### EXERCISE PROMPT
Reproduce the records exactly, beginning with their first line and ending with the line that contains "define H where", and output nothing more.
----------------------------------------
section \<open>Local codes\<close>

lemma exists_heavy_parities:
  fixes \<alpha> :: "nat \<Rightarrow> 'a::{field,finite}"
  assumes CHAR: "CHAR('a) = 2" and "gf2_independent \<alpha> {k..<k + h}"
  shows "\<exists>H. \<forall>x i. i < h \<longrightarrow> (\<Sum>j<k + h. dh_symbol k h H x j * \<alpha> j ^ (2 ^ i)) = 0"
proof -
  have "gf2_independent (\<lambda>t. \<alpha> (k + t)) {0..<h}"
    by (rule gf2_independent_reindex) (use assms(2) in \<open>simp_all add: add.commute\<close>)
  hence \<alpha>: "gf2_independent (\<lambda>t. \<alpha> (k + t)) {..<h}"
    by (simp add: atLeast0LessThan)
  have "\<exists>y. \<forall>i<h. (\<Sum>t<h. y t * \<alpha> (k + t) ^ (2 ^ i)) = \<alpha> j ^ (2 ^ i)" for j
    using moore_system_solvable[OF CHAR \<alpha>, of "\<lambda>i. \<alpha> j ^ (2 ^ i)"] .
  then obtain Y where Y: "\<And>j i. i < h \<Longrightarrow> (\<Sum>t<h. Y j t * \<alpha> (k + t) ^ (2 ^ i)) = \<alpha> j ^ (2 ^ i)"
    by metis
  define H where "H t j = Y j t" for t j
  have split: "(\<Sum>j<k + h. f j) = (\<Sum>j<k. f j) + (\<Sum>t<h. f (k + t))" for f :: "nat \<Rightarrow> 'a"
    by (induction h) (auto simp: add.assoc)
  have "(\<Sum>j<k + h. dh_symbol k h H x j * \<alpha> j ^ (2 ^ i)) = 0" if "i < h" for x i
  proof -
    have "(\<Sum>t<h. (\<Sum>j<k. H t j * x j) * \<alpha> (k + t) ^ (2 ^ i)) =
        (\<Sum>j<k. x j * (\<Sum>t<h. Y j t * \<alpha> (k + t) ^ (2 ^ i)))"
      unfolding sum_distrib_right sum_distrib_left H_def by (subst sum.swap) (simp add: mult_ac)
    also have "\<dots> = (\<Sum>j<k. x j * \<alpha> j ^ (2 ^ i))"
      using Y[OF that] by simp
    finally show ?thesis
      by (simp add: split dh_symbol_def CHAR_2_add_self[OF CHAR])
  qed
  thus ?thesis by blast
qed

lemma lrc_encode_diff:
  "lrc_encode k r h H g (\<lambda>j. x j - y j) i = lrc_encode k r h H g x i - lrc_encode k r h H g y i"
proof -
  have "dh_symbol k h H (\<lambda>j. x j - y j) j = dh_symbol k h H x j - dh_symbol k h H y j" for j
    by (simp add: dh_symbol_def right_diff_distrib sum_subtractf)
  thus ?thesis
    by (simp add: lrc_encode_def sum_subtractf)
qed

lemma exists_nonzero_message_vanishing_on:
  fixes f :: "(nat \<Rightarrow> 'a::{field,finite}) \<Rightarrow> nat \<Rightarrow> 'a"
  assumes "finite T" and "card T < k" and diff: "\<And>x y i. f (\<lambda>j. x j - y j) i = f x i - f y i"
  shows "\<exists>x. nonzero_message k x \<and> (\<forall>i\<in>T. f x i = 0)"
proof -
  define M where "M = PiE {..<k} (\<lambda>_. UNIV :: 'a set)"
  define F where "F x = restrict (f x) T" for x
  have "card {0, 1::'a} \<le> card (UNIV :: 'a set)"
    by (rule card_mono) auto
  hence "card (PiE T (\<lambda>_. UNIV :: 'a set)) < card M"
    using assms(1,2) by (simp add: M_def card_PiE power_strict_increasing)
  moreover have "F ` M \<subseteq> PiE T (\<lambda>_. UNIV)"
    by (auto simp: F_def)
  ultimately have "\<not> inj_on F M"
    using card_inj_on_le[of F M "PiE T (\<lambda>_. UNIV)"] assms(1) by (auto simp: finite_PiE)
  then obtain x y where xy: "x \<in> M" "y \<in> M" "x \<noteq> y" "F x = F y"
    by (auto simp: inj_on_def)
  have "\<exists>j<k. x j \<noteq> y j"
  proof (rule ccontr)
    assume "\<not> (\<exists>j<k. x j \<noteq> y j)"
    hence "x = y"
      using xy(1,2) unfolding M_def by (intro PiE_ext) auto
    thus False
      using xy(3) by contradiction
  qed
  hence "nonzero_message k (\<lambda>j. x j - y j)"
    by (simp add: nonzero_message_def)
  moreover have "f (\<lambda>j. x j - y j) i = 0" if "i \<in> T" for i
    using fun_cong[OF xy(4), of i] that by (simp add: F_def diff)
  ultimately show ?thesis by blast
qed
definition L3 :: "complex \<Rightarrow> real^4" where
  "L3 a = (\<chi> k. Re (L3C a $ k))"

definition L0 :: "real \<Rightarrow> complex \<Rightarrow> real^4" where
  "L0 \<theta> a = (\<chi> k. Re (L0C \<theta> a $ k))"

definition tau :: "real \<Rightarrow> complex \<Rightarrow> real^4" where
  "tau \<theta> a = (1 / sqrt (- 2 * lor (L3 a) (L0 \<theta> a))) *\<^sub>R (L3 a + L0 \<theta> a)"

definition nu :: "real \<Rightarrow> complex \<Rightarrow> real^4" where
  "nu \<theta> a = (1 / sqrt (- 2 * lor (L3 a) (L0 \<theta> a))) *\<^sub>R (L3 a - L0 \<theta> a)"

text \<open>The theta-family F(theta; w) = P + 2 Re G(theta; w), where G(theta; .) is the holomorphic
  primitive int_{w0}^w mu(xi) W(a(xi), e^{i theta} a(xi)) d xi (vanishing at w0).\<close>
definition theta_primitive ::
  "complex set \<Rightarrow> complex \<Rightarrow> (complex \<Rightarrow> complex) \<Rightarrow> (complex \<Rightarrow> complex)
     \<Rightarrow> (real \<Rightarrow> complex \<Rightarrow> complex^4) \<Rightarrow> bool" where
  "theta_primitive U w0 \<mu> a G \<longleftrightarrow>
     (\<forall>\<theta>. G \<theta> w0 = 0 \<and>
       (\<forall>w\<in>U. \<forall>k. ((\<lambda>z. G \<theta> z $ k) has_field_derivative
                       (\<mu> w * W (a w) (exp (\<i> * \<theta>) * a w) $ k)) (at w)))"

definition theta_family ::
  "real^4 \<Rightarrow> (real \<Rightarrow> complex \<Rightarrow> complex^4) \<Rightarrow> real \<Rightarrow> complex \<Rightarrow> real^4" where
  "theta_family P G \<theta> w = P + (\<chi> k. 2 * Re (G \<theta> w $ k))"

end

theory Submission
  imports Defs
begin

text \<open>With \<open>b = e\<^sup>i\<^sup>\<theta> a\<close>, the holomorphic derivative \<open>\<mu> W(a, b)\<close> is a null vector of \<open>\<complex>\<^sup>4\<close>
  that is complex-orthogonal to the two real null vectors \<open>L\<^sub>3(a)\<close> and \<open>L\<^sub>0(b)\<close>, and
  \<open>\<langle>L\<^sub>3(a), L\<^sub>0(b)\<rangle> = -2 |1 - a cnj b|\<^sup>2 < 0\<close> since \<open>|a cnj b| = |a|\<^sup>2 \<noteq> 1\<close>. So the tangent plane, spanned
  by the real and imaginary parts of \<open>\<mu> W\<close>, is orthogonal to \<open>L\<^sub>3 \<plusminus> L\<^sub>0\<close>, and normalising the
  sum and difference of two null vectors gives a unit timelike and a unit spacelike vector.
  Nullity of \<open>\<mu> W\<close> makes the parametrisation conformal, with factor
  \<open>2\<langle>\<mu> W, cnj (\<mu> W)\<rangle> = 4 |\<mu>|\<^sup>2 |1 - a cnj b|\<^sup>2\<close>.\<close>

lemma mk4_nth [simp]:
  "mk4 x0 x1 x2 x3 $ 0 = x0" "mk4 x0 x1 x2 x3 $ 1 = x1"
  "mk4 x0 x1 x2 x3 $ 2 = x2" "mk4 x0 x1 x2 x3 $ 3 = x3"
  by (simp_all add: mk4_def)

definition Re4 :: "complex^4 \<Rightarrow> real^4" where
  "Re4 z = (\<chi> k. Re (z $ k))"

definition cnj4 :: "complex^4 \<Rightarrow> complex^4" where
  "cnj4 z = (\<chi> k. cnj (z $ k))"

definition L0C_at :: "complex \<Rightarrow> complex^4" where
  "L0C_at b = mk4 (1 + b * cnj b) (b + cnj b) (- \<i> * (b - cnj b)) (1 - b * cnj b)"

lemma L0C_eq_L0C_at: "L0C \<theta> a = L0C_at (exp (\<i> * \<theta>) * a)"
  by (simp add: L0C_def L0C_at_def exp_cnj mult_ac exp_minus_inverse)

lemma cnj4_mk4 [simp]: "cnj4 (mk4 x0 x1 x2 x3) = mk4 (cnj x0) (cnj x1) (cnj x2) (cnj x3)"
  by (simp add: cnj4_def mk4_def vec_eq_iff)

lemma cnj4_scale: "cnj4 (h *s z) = cnj h *s cnj4 z"
  by (simp add: cnj4_def vec_eq_iff)

lemma cnj4_L3C: "cnj4 (L3C a) = L3C a"
  by (simp add: L3C_def algebra_simps)

lemma cnj4_L0C_at: "cnj4 (L0C_at b) = L0C_at b"
  by (simp add: L0C_at_def algebra_simps)

lemma lorC_scale_left: "lorC (h *s z) v = h * lorC z v"
  by (simp add: lorC_def algebra_simps)

lemma lorC_scale_right: "lorC z (h *s v) = h * lorC z v"
  by (simp add: lorC_def algebra_simps)

text \<open>The following are polynomial identities in \<open>a, b, cnj a, cnj b\<close> regarded as independent
  variables.\<close>

lemma lorC_W_W: "lorC (W a b) (W a b) = 0"
  by (simp add: lorC_def W_def algebra_simps power2_eq_square)

lemma lorC_W_cnj4_W: "lorC (W a b) (cnj4 (W a b)) = 2 * (1 - a * cnj b) * (1 - cnj a * b)"
  by (simp add: lorC_def W_def algebra_simps)

lemma lorC_W_L3C: "lorC (W a b) (L3C a) = 0"
  by (simp add: lorC_def W_def L3C_def algebra_simps)

lemma lorC_W_L0C_at: "lorC (W a b) (L0C_at b) = 0"
  by (simp add: lorC_def W_def L0C_at_def algebra_simps)

lemma lorC_L3C_L3C: "lorC (L3C a) (L3C a) = 0"
  by (simp add: lorC_def L3C_def algebra_simps)

lemma lorC_L0C_at_L0C_at: "lorC (L0C_at b) (L0C_at b) = 0"
  by (simp add: lorC_def L0C_at_def algebra_simps)

lemma lorC_L3C_L0C_at: "lorC (L3C a) (L0C_at b) = - 2 * (1 - a * cnj b) * (1 - cnj a * b)"
  by (simp add: lorC_def L3C_def L0C_at_def algebra_simps)

lemma lorC_W_cnj4_W_rotated:
  fixes \<theta> :: real
  shows "lorC (W a (exp (\<i> * \<theta>) * a)) (cnj4 (W a (exp (\<i> * \<theta>) * a)))
           = 2 * (1 - 2 * a * cnj a * cos \<theta> + (a * cnj a)\<^sup>2)"
proof -
  have unit: "exp (\<i> * \<theta>) * cnj (exp (\<i> * \<theta>)) = 1"
    by (simp add: exp_cnj exp_minus_inverse)
  have cos: "exp (\<i> * \<theta>) + cnj (exp (\<i> * \<theta>)) = 2 * complex_of_real (cos \<theta>)"
    by (simp add: cos_of_real [symmetric] cos_exp_eq exp_cnj)
  show ?thesis
    unfolding lorC_W_cnj4_W complex_cnj_mult using unit cos by algebra
qed

lemma lor_commute: "lor x y = lor y x"
  by (simp add: lor_def algebra_simps)

lemma lor_add_left: "lor (x + y) z = lor x z + lor y z"
  and lor_diff_left: "lor (x - y) z = lor x z - lor y z"
  and lor_scaleR_left: "lor (r *\<^sub>R x) z = r * lor x z"
  and lor_add_right: "lor z (x + y) = lor z x + lor z y"
  and lor_diff_right: "lor z (x - y) = lor z x - lor z y"
  and lor_scaleR_right: "lor z (r *\<^sub>R x) = r * lor z x"
  by (simp_all add: lor_def algebra_simps)

lemmas lor_bilinear = lor_add_left lor_diff_left lor_scaleR_left
  lor_add_right lor_diff_right lor_scaleR_right

lemma lor_Re4_real:
  assumes "cnj4 v = v"
  shows "lor (Re4 z) (Re4 v) = Re (lorC z v)"
proof -
  have "Im (v $ k) = 0" for k
    using assms by (simp add: cnj4_def vec_eq_iff complex_eq_iff)
  then show ?thesis
    by (simp add: lor_def lorC_def Re4_def)
qed

lemma null_pair_frame:
  assumes "lor p p = 0" "lor q q = 0" "lor p q < 0"
  defines "t \<equiv> (1 / sqrt (- 2 * lor p q)) *\<^sub>R (p + q)"
    and "n \<equiv> (1 / sqrt (- 2 * lor p q)) *\<^sub>R (p - q)"
  shows "lor t t = -1" "lor n n = 1" "lor t n = 0"
proof -
  have "sqrt (- 2 * lor p q) ^ 2 = - 2 * lor p q"
    using assms(3) by simp
  moreover have "lor q p = lor p q"
    by (rule lor_commute)
  ultimately show "lor t t = -1" "lor n n = 1" "lor t n = 0"
    using assms(1-3)
    by (simp_all add: t_def n_def lor_bilinear power2_eq_square field_simps)
qed

lemma L3_eq_Re4: "L3 a = Re4 (L3C a)"
  by (simp add: L3_def Re4_def)

lemma L0_eq_Re4: "L0 \<theta> a = Re4 (L0C_at (exp (\<i> * \<theta>) * a))"
  by (simp add: L0_def Re4_def L0C_eq_L0C_at)

lemma lor_L3_L3: "lor (L3 a) (L3 a) = 0"
  by (simp add: L3_eq_Re4 lor_Re4_real cnj4_L3C lorC_L3C_L3C)

lemma lor_L0_L0: "lor (L0 \<theta> a) (L0 \<theta> a) = 0"
  by (simp add: L0_eq_Re4 lor_Re4_real cnj4_L0C_at lorC_L0C_at_L0C_at)

lemma lor_L3_Re4_L0C_at: "lor (L3 a) (Re4 (L0C_at b)) = - 2 * (cmod (1 - a * cnj b))\<^sup>2"
proof -
  have "lorC (L3C a) (L0C_at b) = - 2 * ((1 - a * cnj b) * cnj (1 - a * cnj b))"
    by (simp add: lorC_L3C_L0C_at algebra_simps)
  also have "\<dots> = complex_of_real (- 2 * (cmod (1 - a * cnj b))\<^sup>2)"
    by (subst of_real_mult, subst complex_norm_square) simp
  finally show ?thesis
    by (simp add: L3_eq_Re4 lor_Re4_real cnj4_L0C_at)
qed

lemma lor_L3_L0_neg:
  assumes "cmod a \<noteq> 1"
  shows "lor (L3 a) (L0 \<theta> a) < 0"
proof -
  have "cmod (a * cnj (exp (\<i> * \<theta>) * a)) = (cmod a)\<^sup>2"
    by (simp add: norm_mult power2_eq_square)
  also have "\<dots> \<noteq> 1"
    by (smt (verit) assms norm_ge_zero power2_eq_1_iff)
  finally have "1 - a * cnj (exp (\<i> * \<theta>) * a) \<noteq> 0"
    by auto
  then show ?thesis
    by (simp add: L0_eq_Re4 lor_L3_Re4_L0C_at)
qed

lemma tau_nu_orthonormal:
  assumes "cmod a \<noteq> 1"
  shows "lor (tau \<theta> a) (tau \<theta> a) = -1" "lor (nu \<theta> a) (nu \<theta> a) = 1"
    "lor (tau \<theta> a) (nu \<theta> a) = 0"
  unfolding tau_def nu_def
  using null_pair_frame[OF lor_L3_L3 lor_L0_L0 lor_L3_L0_neg[OF assms]] by simp_all

lemma tau_nth_3: "tau \<theta> a $ 3 = 0"
  by (simp add: tau_def L3_def L3C_def L0_def L0C_def)

lemma nu_nth_0: "nu \<theta> a $ 0 = 0"
  by (simp add: nu_def L3_def L3C_def L0_def L0C_def)

text \<open>The differential of \<open>2 Re g\<close> at a point where \<open>g' = c\<close>.\<close>

definition real_differential :: "complex^4 \<Rightarrow> complex \<Rightarrow> real^4" where
  "real_differential c h = 2 *\<^sub>R Re4 (h *s c)"

lemma has_derivative_Re4:
  assumes "\<And>k. ((\<lambda>z. f z $ k) has_field_derivative c $ k) (at w)"
  shows "((\<lambda>z. Re4 (f z)) has_derivative (\<lambda>h. Re4 (h *s c))) (at w)"
proof (rule iffD2[OF has_derivative_componentwise_within], intro ballI)
  fix i :: "real^4" assume "i \<in> Basis"
  then obtain k where i: "i = axis k 1" by (auto simp: Basis_vec_def)
  have "((\<lambda>z. Re (f z $ k)) has_derivative (\<lambda>h. Re (h * c $ k))) (at w)"
    using bounded_linear.has_derivative[OF bounded_linear_Re
        has_field_derivative_imp_has_derivative[OF assms]]
    by (simp add: mult.commute)
  then show "((\<lambda>z. Re4 (f z) \<bullet> i) has_derivative (\<lambda>h. Re4 (h *s c) \<bullet> i)) (at w)"
    by (simp add: i inner_axis Re4_def)
qed

lemma has_derivative_theta_family:
  fixes \<theta> :: real
  assumes "theta_primitive U w0 \<mu> a G" "w \<in> U"
  shows "(theta_family P G \<theta> has_derivative
          real_differential (\<mu> w *s W (a w) (exp (\<i> * \<theta>) * a w))) (at w)"
proof -
  define c where "c = \<mu> w *s W (a w) (exp (\<i> * \<theta>) * a w)"
  have "theta_family P G \<theta> = (\<lambda>z. P + 2 *\<^sub>R Re4 (G \<theta> z))"
    by (simp add: theta_family_def Re4_def vec_eq_iff fun_eq_iff)
  moreover have "\<And>k. ((\<lambda>z. G \<theta> z $ k) has_field_derivative c $ k) (at w)"
    using assms by (simp add: theta_primitive_def c_def)
  ultimately show ?thesis
    unfolding real_differential_def c_def[symmetric]
    by (auto intro!: derivative_eq_intros has_derivative_Re4)
qed

lemma real_differential_orthogonal:
  assumes "lorC c v = 0" "cnj4 v = v"
  shows "lor (real_differential c h) (Re4 v) = 0"
  using assms by (simp add: real_differential_def lor_bilinear lor_Re4_real lorC_scale_left)

lemma real_differential_W_normal:
  fixes \<theta> :: real
  shows "lor (real_differential (m *s W a (exp (\<i> * \<theta>) * a)) h) (tau \<theta> a) = 0"
    and "lor (real_differential (m *s W a (exp (\<i> * \<theta>) * a)) h) (nu \<theta> a) = 0"
proof -
  have "lor (real_differential (m *s W a (exp (\<i> * \<theta>) * a)) h) (L3 a) = 0"
    "lor (real_differential (m *s W a (exp (\<i> * \<theta>) * a)) h) (L0 \<theta> a) = 0"
    unfolding L3_eq_Re4 L0_eq_Re4
    by (simp_all add: real_differential_orthogonal lorC_scale_left lorC_W_L3C lorC_W_L0C_at
        cnj4_L3C cnj4_L0C_at)
  then show "lor (real_differential (m *s W a (exp (\<i> * \<theta>) * a)) h) (tau \<theta> a) = 0"
    "lor (real_differential (m *s W a (exp (\<i> * \<theta>) * a)) h) (nu \<theta> a) = 0"
    by (simp_all add: tau_def nu_def lor_bilinear)
qed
----------------------------------------
### YOUR RESPONSE
section \<open>Local codes\<close>

lemma exists_heavy_parities:
  fixes \<alpha> :: "nat \<Rightarrow> 'a::{field,finite}"
  assumes CHAR: "CHAR('a) = 2" and "gf2_independent \<alpha> {k..<k + h}"
  shows "\<exists>H. \<forall>x i. i < h \<longrightarrow> (\<Sum>j<k + h. dh_symbol k h H x j * \<alpha> j ^ (2 ^ i)) = 0"
proof -
  have "gf2_independent (\<lambda>t. \<alpha> (k + t)) {0..<h}"
    by (rule gf2_independent_reindex) (use assms(2) in \<open>simp_all add: add.commute\<close>)
  hence \<alpha>: "gf2_independent (\<lambda>t. \<alpha> (k + t)) {..<h}"
    by (simp add: atLeast0LessThan)
  have "\<exists>y. \<forall>i<h. (\<Sum>t<h. y t * \<alpha> (k + t) ^ (2 ^ i)) = \<alpha> j ^ (2 ^ i)" for j
    using moore_system_solvable[OF CHAR \<alpha>, of "\<lambda>i. \<alpha> j ^ (2 ^ i)"] .
  then obtain Y where Y: "\<And>j i. i < h \<Longrightarrow> (\<Sum>t<h. Y j t * \<alpha> (k + t) ^ (2 ^ i)) = \<alpha> j ^ (2 ^ i)"
    by metis
  define H where "H t j = Y j t" for t j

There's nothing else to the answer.